GC and the memory hierarchy
For each object on the heap, we need to know which fields are pointers, and which fields are base types. Why? How can we do this?
For each frame on the stack, we need to know which fields are pointers. Why? How?
For copying gc, where can we put the forwarding pointer?
Note that this requires some help from the compiler. What can we do if the compiler won't play ball? (For example, can we gc C programs?)
What is generational gc? Why do generational gc?
Should we try to gc young objects or old objects? (Are young objects or old objects more likely to be garbage?)

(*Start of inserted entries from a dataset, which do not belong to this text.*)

(* Let $k\colon\mathbb{R}\setminus\{0\}\to[0,\infty)$ be increasing on $(-\infty,0)$ and decreasing on $(0,\infty)$, and such that $\frac{k(t)}{|t|}1_{\mathbb{R}\setminus\{0\}}(t)\,\mathrm{d}t$ is a Lévy measure. Let $a\ge0$. Then there exists a sequence $(k_n)$ of functions $k_n\colon\mathbb{R}\setminus\{0\}\to[0,\infty)$, each satisfying (a) $k_n$ is $C^2$ on $\mathbb{R}\setminus\{0\}$ and $(1+t^2)^m k_n^{(p)}(t)$ is bounded for all $m,p\in\{0,1,2\}$; (b) $k_n$ is increasing on $(-\infty,0)$ and decreasing on $(0,\infty)$; (c) $k_n$ is strictly positive on $\mathbb{R}\setminus\{0\}$; such that $$\frac{|t|k_n(t)}{1+t^2}\,\mathrm{d}t\ \longrightarrow\ a\delta_0+\frac{|t|k(t)}{1+t^2}\,\mathrm{d}t\quad\text{weakly as }n\to\infty.$$
   Context: A Lévy measure on $\mathbb{R}$ is a Borel measure $\rho$ with $\rho(\{0\})=0$ and $\int_{\mathbb{R}}\min\{1,t^2\}\rho(\mathrm{d}t)<\infty$. Weak convergence of finite measures means convergence of integrals of every bounded continuous function. $\delta_0$ is the Dirac measure at $0$. *)

theory Defs
  imports "HOL-Probability.Probability"
begin

definition levy_measure :: "real measure \<Rightarrow> bool" where
  "levy_measure \<rho> \<longleftrightarrow> sets \<rho> = sets borel \<and> emeasure \<rho> {0} = 0 \<and>
     (\<integral>\<^sup>+ t. ennreal (min 1 (t\<^sup>2)) \<partial>\<rho>) < \<infinity>"

definition weak_conv_finite :: "(nat \<Rightarrow> real measure) \<Rightarrow> real measure \<Rightarrow> bool" where
  "weak_conv_finite Ms M \<longleftrightarrow>
     (\<forall>n. finite_measure (Ms n) \<and> sets (Ms n) = sets borel) \<and>
     finite_measure M \<and> sets M = sets borel \<and>
     (\<forall>f :: real \<Rightarrow> real. continuous_on UNIV f \<and> bounded (range f) \<longrightarrow>
        (\<lambda>n. integral\<^sup>L (Ms n) f) \<longlonglongrightarrow> integral\<^sup>L M f)"
lemma nonneg_cone_of_nonneg_coeffs:
  assumes keys: "Poly_Mapping.keys h \<subseteq> A" and A: "\<forall>b\<in>A. Poly_Mapping.keys b \<subseteq> {0..<n}"
    and nonneg: "\<forall>b\<in>A. 0 \<le> Poly_Mapping.lookup h b"
  shows "h \<in> nonneg_cone n A"
proof -
  have "0 \<le> peval h x" if x: "\<forall>i<n. 0 < x i" for x
    unfolding peval_def
  proof (intro sum_nonneg mult_nonneg_nonneg prod_nonneg)
    fix b i assume "b \<in> Poly_Mapping.keys h" "i \<in> Poly_Mapping.keys b"
    then have "i \<in> {0..<n}" using keys A by blast
    then show "0 \<le> x i ^ Poly_Mapping.lookup b i" using x by (simp add: less_imp_le)
  qed (use keys nonneg in auto)
  then show ?thesis unfolding nonneg_cone_def poly_space_def using keys by auto
qed

lemma interior_of_pos_coeffs:
  assumes A: "finite A" "\<forall>b\<in>A. Poly_Mapping.keys b \<subseteq> {0..<n}"
    and keys: "Poly_Mapping.keys f \<subseteq> A" and pos: "\<forall>a\<in>A. 0 < Poly_Mapping.lookup f a"
  shows "f \<in> interior_in A (nonneg_cone n A)"
proof -
  define \<epsilon> where "\<epsilon> = Min (insert 1 (Poly_Mapping.lookup f ` A))"
  have "0 < \<epsilon>" unfolding \<epsilon>_def using A pos by simp
  have \<epsilon>_le: "\<epsilon> \<le> Poly_Mapping.lookup f b" if "b \<in> A" for b
    unfolding \<epsilon>_def using A that by simp
  have "h \<in> nonneg_cone n A"
    if "h \<in> poly_space A" "\<forall>b\<in>A. \<bar>Poly_Mapping.lookup h b - Poly_Mapping.lookup f b\<bar> < \<epsilon>" for h
  proof (rule nonneg_cone_of_nonneg_coeffs[OF _ A(2)])
    show "Poly_Mapping.keys h \<subseteq> A" using that(1) by (simp add: poly_space_def)
    show "\<forall>b\<in>A. 0 \<le> Poly_Mapping.lookup h b"
      using that(2) \<epsilon>_le
      by (fastforce simp: abs_less_iff)
  qed
  moreover have "f \<in> nonneg_cone n A"
    using A(2) keys pos by (intro nonneg_cone_of_nonneg_coeffs) (auto intro: less_imp_le)
  ultimately show ?thesis unfolding interior_in_def using \<open>0 < \<epsilon>\<close> by blast
qed

lemma weight_indicator_diff:
  assumes "finite J" "finite F"
  shows "weight (\<lambda>i. of_bool (i \<in> J) - of_bool (i \<in> F)) b =
    real (\<Sum>i\<in>J. Poly_Mapping.lookup b i) - real (\<Sum>i\<in>F. Poly_Mapping.lookup b i)"
proof -
  have indicator: "(\<Sum>i\<in>Poly_Mapping.keys b. of_bool (i \<in> X) * real (Poly_Mapping.lookup b i)) =
      real (\<Sum>i\<in>X. Poly_Mapping.lookup b i)" if "finite X" for X
  proof -
    have "(\<Sum>i\<in>Poly_Mapping.keys b. of_bool (i \<in> X) * real (Poly_Mapping.lookup b i)) =
        (\<Sum>i\<in>Poly_Mapping.keys b \<inter> X. real (Poly_Mapping.lookup b i))"
      by (simp add: sum.inter_restrict)
    also have "\<dots> = (\<Sum>i\<in>X. real (Poly_Mapping.lookup b i))"
      using that by (intro sum.mono_neutral_left) (auto simp: in_keys_iff)
    finally show ?thesis by simp
  qed
  show ?thesis
    unfolding weight_def left_diff_distrib sum_subtractf using indicator assms by simp
qed
(* Let $0\le\theta\le1$, let $K\subset\mathbb{C}^d$ be compact and $\mu$ a Borel probability measure with support in $K$ such that $(K,\mu)$ satisfies the Bernstein–Markov property for $\theta$-incomplete polynomials. Then for every $\epsilon>0$ there exists $C>0$ such that for all $N$ and all $z\in\mathbb{C}^d$, $$\frac{(\Phi_{K,\theta,N}(z))^2}{d(N,\theta)}\le K_{N,\theta}(z,z)\le Ce^{\epsilon N}(\Phi_{K,\theta,N}(z))^2\,d(N,\theta).$$
   Context: $\pi_{N,\theta}$ is the space of polynomials $\sum_{|\alpha|=\lceil N\theta\rceil}^Nc_\alpha z^\alpha$ on $\mathbb{C}^d$, of dimension $d(N,\theta)$. $(K,\mu)$ satisfies the Bernstein–Markov property for $\theta$-incomplete polynomials if for every $\epsilon>0$ there is $C>0$ with $\|P\|_K\le Ce^{\epsilon N}\|P\|_{L^2(\mu)}$ for all $P\in\pi_{N,\theta}$, all $N\ge0$. $\Phi_{K,\theta,N}(z)=\sup\{|f(z)|:f\in\pi_{N,\theta},\ \|f\|_K\le1\}$. If $\{P_j\}_{j=1}^{d(N,\theta)}$ is an orthonormal basis of $\pi_{N,\theta}$ for $\langle f,g\rangle=\int f\bar g\,d\mu$, then $K_{N,\theta}(z,w)=\sum_jP_j(z)\overline{P_j(w)}$. *)

theory Defs
  imports "HOL-Probability.Probability"
begin

text \<open>Points of C^d are vectors of type complex ^ 'd ('d a finite index type, d = CARD('d)).
  Multi-indices are functions 'd \<Rightarrow> nat; |alpha| = sum over all coordinates.\<close>

definition mdeg :: "('d::finite \<Rightarrow> nat) \<Rightarrow> nat" where
  "mdeg \<alpha> = (\<Sum>i\<in>UNIV. \<alpha> i)"

definition monomial :: "('d::finite \<Rightarrow> nat) \<Rightarrow> complex ^ 'd \<Rightarrow> complex" where
  "monomial \<alpha> z = (\<Prod>i\<in>UNIV. (z $ i) ^ (\<alpha> i))"

definition mindices :: "nat \<Rightarrow> real \<Rightarrow> ('d::finite \<Rightarrow> nat) set" where
  "mindices N \<theta> = {\<alpha>. \<lceil>real N * \<theta>\<rceil> \<le> int (mdeg \<alpha>) \<and> mdeg \<alpha> \<le> N}"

When do young objects become old?
A problem with generational gc: what if an old object contains a pointer to a young object? Why is this a problem? How can this happen? What can we do about it?
Note: for immutable programming, can this happen?
Pointers from old objects to young objects are the main problem for generational gcs.
Possible solutions (what are these?):
a) Remembered list.
b) Remembered set.
c) Card marking.
d) Page marking.
What is the cost of collecting the youngest generation? (Assume that the youngest generation is 90% garbage.)
What is incremental gc? Why are we interested in incremental gc?
What is concurrent gc? Why are we interested in concurrent gc?
What is the collector? The mutator?
For an incremental gc, objects have three colors:
White: not visited yet by the gc.
Grey: the object has been visited, but the children have not.
Black: the object has been visited, and its children have too.
For copying gc, which objects are white? are grey? are black? What color are new objects created by the mutator?
Invariants for incremental gc:
1. No black object points to a white object.
2. Every grey object is known by the gc.
Baker's algorithm is an incremental version of Cheney's copying gc.
It maintains an extra invariant:
3. The mutator never has a pointer to a white object.
How can Baker's algorithm achieve this?
Where does Baker's algorithm allocate new objects?
What is the extra cost in Baker's algorithm? What can be done about it?
GC has a bad reputation for thrashing caches - why?
Things we can do about this (Appel 21.6):
1. Try to get the most frequently used objects into L2 cache. (Why? How can a generational gc help?)
2. Try to allocate objects sequentially in memory. (Why? How can a copying gc help?)
3. Try to arrange for few cache conflicts for frequently used objects. (What does this mean? Why? How can a generational gc help?)
4. Prefetch memory for allocation. (What does this mean? Why? How can a copying gc help?)
5. Try for good locality of reference. (What does this mean? Why? How can a copying gc help?)
GC is a lot easier with support from the compiler! (For stack layout and object layout).
Generational gc avoids collecting the whole heap every gc.
Incremental gc spreads the gc load over time.
Good gcs play well with the memory hierarchy.
Next week: Final exam.